Reply with one number: the count of lines in the records below that hold "exists".

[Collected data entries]
--- --- ---
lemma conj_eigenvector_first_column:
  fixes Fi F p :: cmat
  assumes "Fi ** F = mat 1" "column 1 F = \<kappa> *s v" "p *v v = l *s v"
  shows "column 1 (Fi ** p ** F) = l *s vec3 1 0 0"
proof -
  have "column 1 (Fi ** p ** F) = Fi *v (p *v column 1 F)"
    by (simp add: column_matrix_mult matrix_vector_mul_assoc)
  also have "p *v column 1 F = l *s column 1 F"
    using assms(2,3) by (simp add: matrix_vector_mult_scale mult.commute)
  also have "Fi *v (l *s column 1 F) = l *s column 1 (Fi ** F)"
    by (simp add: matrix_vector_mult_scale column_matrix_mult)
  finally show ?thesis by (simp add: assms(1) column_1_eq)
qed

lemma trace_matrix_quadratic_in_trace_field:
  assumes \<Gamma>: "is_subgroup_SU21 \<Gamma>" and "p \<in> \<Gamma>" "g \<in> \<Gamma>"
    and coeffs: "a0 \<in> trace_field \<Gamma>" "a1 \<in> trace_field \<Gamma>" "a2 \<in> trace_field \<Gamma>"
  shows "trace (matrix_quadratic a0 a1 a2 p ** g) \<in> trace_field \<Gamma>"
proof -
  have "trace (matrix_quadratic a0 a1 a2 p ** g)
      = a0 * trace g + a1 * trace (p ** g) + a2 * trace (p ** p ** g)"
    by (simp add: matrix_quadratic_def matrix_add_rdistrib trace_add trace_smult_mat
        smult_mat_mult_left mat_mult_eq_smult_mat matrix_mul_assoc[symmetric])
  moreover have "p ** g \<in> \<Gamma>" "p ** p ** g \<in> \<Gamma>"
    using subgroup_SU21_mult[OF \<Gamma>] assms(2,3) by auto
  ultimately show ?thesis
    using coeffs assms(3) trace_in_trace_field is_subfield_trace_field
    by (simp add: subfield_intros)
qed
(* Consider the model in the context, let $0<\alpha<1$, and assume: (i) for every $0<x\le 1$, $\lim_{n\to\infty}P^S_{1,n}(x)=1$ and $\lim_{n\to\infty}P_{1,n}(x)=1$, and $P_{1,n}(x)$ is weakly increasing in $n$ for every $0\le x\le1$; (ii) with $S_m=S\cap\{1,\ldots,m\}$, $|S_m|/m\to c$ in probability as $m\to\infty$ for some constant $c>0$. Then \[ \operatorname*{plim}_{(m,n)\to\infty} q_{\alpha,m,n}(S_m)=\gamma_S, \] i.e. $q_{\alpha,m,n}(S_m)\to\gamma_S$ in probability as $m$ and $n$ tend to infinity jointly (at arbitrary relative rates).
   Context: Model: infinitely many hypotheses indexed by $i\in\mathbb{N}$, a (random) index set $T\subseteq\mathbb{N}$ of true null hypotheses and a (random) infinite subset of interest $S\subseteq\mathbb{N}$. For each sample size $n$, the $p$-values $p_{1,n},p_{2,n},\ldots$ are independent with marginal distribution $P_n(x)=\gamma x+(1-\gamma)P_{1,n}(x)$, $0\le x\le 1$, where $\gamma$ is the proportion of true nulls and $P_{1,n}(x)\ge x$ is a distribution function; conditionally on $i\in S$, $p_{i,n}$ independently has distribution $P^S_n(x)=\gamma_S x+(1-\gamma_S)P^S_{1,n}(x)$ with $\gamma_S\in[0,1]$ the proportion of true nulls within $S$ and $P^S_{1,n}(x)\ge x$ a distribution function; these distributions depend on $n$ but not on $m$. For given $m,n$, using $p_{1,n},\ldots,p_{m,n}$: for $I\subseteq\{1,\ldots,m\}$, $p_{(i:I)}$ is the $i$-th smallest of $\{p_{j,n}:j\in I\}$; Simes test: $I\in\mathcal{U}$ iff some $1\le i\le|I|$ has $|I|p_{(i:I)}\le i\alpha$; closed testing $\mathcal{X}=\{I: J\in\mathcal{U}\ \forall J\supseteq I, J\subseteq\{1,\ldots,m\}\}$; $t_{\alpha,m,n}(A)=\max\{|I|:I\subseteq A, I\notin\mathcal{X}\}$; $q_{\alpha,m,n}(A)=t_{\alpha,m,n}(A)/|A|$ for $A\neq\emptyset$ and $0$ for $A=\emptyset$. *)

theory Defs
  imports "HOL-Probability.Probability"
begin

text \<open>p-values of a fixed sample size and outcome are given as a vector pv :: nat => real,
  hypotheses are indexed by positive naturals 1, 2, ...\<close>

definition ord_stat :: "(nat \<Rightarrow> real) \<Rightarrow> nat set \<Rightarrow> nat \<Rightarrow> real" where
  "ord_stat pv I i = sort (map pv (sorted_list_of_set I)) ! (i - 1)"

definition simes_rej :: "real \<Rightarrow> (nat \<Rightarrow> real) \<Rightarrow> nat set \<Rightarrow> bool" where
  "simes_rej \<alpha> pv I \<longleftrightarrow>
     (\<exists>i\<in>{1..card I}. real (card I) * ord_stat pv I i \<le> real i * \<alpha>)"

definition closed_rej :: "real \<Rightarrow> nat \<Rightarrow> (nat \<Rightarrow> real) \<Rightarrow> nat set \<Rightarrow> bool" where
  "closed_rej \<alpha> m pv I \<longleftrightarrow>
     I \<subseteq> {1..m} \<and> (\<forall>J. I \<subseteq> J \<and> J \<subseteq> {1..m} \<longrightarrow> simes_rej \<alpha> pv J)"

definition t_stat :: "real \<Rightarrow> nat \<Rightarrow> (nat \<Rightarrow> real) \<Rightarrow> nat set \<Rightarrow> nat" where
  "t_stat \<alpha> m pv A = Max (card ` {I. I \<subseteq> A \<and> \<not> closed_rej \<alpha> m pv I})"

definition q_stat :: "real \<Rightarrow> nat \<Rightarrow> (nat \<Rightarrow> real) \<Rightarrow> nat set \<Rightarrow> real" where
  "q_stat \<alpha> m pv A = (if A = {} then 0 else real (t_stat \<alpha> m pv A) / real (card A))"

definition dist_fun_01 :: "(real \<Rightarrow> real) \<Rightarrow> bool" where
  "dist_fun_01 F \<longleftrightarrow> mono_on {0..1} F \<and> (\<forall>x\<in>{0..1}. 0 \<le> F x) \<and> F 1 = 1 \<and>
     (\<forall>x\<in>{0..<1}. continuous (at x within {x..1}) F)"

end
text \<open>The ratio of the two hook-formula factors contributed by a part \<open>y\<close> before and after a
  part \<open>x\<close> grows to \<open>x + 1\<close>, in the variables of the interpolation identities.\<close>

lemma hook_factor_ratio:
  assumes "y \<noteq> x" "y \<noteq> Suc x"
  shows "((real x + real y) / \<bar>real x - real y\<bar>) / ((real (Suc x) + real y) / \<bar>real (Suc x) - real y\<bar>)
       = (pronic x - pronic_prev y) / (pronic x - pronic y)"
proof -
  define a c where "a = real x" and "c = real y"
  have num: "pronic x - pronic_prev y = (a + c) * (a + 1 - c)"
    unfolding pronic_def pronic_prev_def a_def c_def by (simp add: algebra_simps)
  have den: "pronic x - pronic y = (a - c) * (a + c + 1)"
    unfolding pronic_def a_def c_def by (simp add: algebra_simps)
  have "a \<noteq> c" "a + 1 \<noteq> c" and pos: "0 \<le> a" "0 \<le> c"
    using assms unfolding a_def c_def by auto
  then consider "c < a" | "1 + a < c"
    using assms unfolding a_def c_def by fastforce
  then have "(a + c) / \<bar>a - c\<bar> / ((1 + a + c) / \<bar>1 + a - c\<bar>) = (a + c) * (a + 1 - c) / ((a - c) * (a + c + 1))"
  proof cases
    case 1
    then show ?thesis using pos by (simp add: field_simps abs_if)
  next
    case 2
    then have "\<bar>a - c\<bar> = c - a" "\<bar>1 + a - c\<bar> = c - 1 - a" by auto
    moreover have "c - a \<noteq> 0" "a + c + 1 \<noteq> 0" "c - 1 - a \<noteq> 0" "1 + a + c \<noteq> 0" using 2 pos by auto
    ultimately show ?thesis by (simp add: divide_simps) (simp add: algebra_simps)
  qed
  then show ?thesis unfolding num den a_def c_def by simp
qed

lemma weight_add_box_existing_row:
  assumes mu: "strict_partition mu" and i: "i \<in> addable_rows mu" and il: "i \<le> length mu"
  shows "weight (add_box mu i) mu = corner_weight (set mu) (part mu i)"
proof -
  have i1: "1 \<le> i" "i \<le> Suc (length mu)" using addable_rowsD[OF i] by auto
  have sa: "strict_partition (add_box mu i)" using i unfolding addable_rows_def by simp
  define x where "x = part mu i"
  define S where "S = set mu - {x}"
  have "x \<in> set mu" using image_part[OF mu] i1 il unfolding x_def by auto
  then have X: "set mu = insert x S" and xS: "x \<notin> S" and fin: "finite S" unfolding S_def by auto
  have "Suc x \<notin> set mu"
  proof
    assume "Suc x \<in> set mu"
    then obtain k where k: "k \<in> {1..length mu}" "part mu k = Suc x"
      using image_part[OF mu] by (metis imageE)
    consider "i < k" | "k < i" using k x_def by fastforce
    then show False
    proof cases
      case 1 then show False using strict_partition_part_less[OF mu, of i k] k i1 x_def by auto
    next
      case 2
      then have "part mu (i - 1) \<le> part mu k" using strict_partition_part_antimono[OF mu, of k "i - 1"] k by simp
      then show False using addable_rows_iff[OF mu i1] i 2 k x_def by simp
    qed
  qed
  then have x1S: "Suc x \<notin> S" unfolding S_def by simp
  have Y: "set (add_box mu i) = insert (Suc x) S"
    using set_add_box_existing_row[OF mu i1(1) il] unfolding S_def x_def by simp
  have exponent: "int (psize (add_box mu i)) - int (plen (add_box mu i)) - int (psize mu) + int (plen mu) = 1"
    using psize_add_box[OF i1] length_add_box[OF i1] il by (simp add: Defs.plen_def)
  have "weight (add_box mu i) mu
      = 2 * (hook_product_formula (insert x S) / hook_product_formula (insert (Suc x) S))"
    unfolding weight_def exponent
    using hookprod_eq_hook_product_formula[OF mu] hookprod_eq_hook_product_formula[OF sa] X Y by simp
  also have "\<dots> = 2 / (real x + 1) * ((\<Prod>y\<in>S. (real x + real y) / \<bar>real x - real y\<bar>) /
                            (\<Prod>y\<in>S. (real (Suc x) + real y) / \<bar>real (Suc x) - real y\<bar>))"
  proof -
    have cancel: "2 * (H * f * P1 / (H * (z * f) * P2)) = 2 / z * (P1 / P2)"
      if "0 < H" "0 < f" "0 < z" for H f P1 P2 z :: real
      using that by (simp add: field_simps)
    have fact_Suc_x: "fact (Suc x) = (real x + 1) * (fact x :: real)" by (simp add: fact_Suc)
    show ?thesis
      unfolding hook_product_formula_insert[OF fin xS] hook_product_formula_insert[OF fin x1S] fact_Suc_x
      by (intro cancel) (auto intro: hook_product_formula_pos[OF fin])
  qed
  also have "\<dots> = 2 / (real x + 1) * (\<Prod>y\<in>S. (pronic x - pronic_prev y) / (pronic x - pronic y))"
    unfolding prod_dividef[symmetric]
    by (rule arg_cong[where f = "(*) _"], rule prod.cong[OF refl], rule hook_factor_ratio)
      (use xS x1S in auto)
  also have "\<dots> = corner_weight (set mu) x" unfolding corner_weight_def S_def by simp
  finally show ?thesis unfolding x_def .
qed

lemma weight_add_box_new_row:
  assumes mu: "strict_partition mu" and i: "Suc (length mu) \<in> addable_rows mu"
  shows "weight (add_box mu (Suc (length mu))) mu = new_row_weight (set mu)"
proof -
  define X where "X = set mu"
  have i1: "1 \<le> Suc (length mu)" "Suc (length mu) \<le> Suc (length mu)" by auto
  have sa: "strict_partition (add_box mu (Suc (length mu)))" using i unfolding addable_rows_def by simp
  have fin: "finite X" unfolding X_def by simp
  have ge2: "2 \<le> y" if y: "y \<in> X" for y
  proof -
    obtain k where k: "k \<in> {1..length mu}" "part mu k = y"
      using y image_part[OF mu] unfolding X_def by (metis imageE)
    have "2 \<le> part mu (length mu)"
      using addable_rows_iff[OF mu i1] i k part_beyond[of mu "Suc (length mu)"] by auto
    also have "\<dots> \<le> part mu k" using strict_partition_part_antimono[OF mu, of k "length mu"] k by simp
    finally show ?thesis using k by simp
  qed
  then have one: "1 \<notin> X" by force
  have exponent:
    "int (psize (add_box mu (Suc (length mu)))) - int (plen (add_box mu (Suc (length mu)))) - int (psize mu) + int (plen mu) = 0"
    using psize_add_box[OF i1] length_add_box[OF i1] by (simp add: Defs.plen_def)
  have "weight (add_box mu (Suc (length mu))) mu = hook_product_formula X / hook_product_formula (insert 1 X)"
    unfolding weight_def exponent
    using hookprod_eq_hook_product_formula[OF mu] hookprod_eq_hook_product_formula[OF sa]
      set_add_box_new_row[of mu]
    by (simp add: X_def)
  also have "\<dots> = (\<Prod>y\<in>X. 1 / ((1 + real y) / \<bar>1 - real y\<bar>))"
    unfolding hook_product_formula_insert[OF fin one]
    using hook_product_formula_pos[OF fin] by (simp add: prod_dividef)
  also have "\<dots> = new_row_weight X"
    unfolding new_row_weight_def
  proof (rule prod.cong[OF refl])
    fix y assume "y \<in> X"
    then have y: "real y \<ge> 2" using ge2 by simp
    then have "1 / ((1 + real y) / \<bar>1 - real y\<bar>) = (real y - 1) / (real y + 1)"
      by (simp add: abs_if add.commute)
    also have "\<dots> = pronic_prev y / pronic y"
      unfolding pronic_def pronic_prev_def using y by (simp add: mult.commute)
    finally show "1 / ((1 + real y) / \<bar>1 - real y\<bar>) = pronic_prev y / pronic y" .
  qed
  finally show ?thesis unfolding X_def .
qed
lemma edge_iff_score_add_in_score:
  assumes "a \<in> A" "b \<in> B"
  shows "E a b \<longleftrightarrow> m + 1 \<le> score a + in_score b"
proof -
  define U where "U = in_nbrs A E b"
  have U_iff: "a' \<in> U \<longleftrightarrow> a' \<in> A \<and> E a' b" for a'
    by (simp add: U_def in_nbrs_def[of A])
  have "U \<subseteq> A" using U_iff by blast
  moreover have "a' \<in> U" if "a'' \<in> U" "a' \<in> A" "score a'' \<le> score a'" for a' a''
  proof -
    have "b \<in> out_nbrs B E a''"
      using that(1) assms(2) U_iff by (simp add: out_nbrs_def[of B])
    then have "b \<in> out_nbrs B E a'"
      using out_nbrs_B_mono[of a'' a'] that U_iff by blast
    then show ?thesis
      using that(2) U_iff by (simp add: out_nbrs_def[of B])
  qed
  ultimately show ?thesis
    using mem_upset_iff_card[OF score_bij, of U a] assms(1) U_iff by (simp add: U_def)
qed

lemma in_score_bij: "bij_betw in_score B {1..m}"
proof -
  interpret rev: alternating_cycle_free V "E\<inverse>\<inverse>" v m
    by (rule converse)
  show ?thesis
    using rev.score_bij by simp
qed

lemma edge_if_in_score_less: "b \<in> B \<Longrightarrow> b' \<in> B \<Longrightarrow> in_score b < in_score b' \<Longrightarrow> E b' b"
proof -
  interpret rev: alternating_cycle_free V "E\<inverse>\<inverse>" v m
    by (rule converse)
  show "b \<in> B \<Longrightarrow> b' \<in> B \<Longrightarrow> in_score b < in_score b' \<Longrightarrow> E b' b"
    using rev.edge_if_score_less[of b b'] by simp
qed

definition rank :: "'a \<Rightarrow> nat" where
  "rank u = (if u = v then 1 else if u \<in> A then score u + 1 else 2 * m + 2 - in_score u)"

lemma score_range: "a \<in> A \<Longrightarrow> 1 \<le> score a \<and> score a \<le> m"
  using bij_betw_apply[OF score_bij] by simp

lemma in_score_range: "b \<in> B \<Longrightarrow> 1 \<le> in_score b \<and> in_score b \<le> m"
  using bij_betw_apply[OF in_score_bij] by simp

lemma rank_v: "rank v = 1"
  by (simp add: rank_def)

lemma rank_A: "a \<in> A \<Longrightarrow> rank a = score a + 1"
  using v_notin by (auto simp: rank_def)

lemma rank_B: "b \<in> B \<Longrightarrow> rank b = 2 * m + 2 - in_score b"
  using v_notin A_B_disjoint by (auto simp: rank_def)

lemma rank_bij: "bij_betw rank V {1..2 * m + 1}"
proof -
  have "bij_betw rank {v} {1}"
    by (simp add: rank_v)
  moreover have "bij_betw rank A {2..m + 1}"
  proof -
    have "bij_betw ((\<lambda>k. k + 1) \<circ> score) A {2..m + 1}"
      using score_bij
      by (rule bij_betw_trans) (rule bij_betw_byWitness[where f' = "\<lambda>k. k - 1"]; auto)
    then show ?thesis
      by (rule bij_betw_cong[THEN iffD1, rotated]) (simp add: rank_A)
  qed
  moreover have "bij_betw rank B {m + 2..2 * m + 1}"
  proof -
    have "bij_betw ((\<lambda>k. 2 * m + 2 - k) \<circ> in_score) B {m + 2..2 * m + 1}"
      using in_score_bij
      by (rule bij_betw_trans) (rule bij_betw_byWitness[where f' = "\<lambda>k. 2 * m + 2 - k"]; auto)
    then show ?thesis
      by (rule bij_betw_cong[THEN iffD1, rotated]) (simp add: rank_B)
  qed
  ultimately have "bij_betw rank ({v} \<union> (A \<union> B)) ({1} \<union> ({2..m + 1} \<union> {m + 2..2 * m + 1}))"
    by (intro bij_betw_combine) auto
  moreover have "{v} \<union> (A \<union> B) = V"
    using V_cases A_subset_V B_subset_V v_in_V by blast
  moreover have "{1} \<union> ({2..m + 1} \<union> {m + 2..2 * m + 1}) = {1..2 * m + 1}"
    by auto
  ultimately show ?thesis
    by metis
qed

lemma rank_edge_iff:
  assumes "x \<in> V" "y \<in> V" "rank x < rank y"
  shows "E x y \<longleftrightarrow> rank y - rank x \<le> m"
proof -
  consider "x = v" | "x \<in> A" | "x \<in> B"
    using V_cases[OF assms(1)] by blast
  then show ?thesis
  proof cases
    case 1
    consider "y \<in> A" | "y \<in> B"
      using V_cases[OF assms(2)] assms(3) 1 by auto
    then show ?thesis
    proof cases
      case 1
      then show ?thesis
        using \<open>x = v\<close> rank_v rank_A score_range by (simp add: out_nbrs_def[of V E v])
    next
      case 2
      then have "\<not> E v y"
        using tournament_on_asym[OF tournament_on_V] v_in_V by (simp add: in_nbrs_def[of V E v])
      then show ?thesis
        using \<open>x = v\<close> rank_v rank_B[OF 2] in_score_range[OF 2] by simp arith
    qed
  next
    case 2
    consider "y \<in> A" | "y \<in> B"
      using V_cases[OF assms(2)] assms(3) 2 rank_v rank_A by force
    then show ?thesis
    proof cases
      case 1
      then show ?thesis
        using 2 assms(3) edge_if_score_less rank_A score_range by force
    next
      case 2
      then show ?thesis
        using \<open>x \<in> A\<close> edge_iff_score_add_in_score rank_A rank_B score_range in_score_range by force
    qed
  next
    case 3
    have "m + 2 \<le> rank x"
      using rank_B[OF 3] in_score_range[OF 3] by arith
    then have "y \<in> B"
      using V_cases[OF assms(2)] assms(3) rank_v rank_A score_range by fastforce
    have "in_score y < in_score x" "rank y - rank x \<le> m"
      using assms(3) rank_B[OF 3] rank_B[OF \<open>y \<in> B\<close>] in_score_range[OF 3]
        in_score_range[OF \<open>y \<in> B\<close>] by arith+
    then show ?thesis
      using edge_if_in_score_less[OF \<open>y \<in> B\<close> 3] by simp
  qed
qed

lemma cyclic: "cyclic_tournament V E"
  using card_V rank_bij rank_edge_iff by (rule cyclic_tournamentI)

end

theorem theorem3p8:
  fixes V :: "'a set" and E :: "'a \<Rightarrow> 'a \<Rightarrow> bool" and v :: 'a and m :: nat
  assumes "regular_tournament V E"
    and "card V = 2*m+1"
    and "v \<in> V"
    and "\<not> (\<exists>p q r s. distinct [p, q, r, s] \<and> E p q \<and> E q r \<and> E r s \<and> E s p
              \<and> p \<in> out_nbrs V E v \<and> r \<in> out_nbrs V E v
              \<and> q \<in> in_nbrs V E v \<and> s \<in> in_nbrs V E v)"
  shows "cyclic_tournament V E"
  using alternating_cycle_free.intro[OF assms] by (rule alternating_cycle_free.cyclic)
--- --- ---
> **TASK RESULT**
2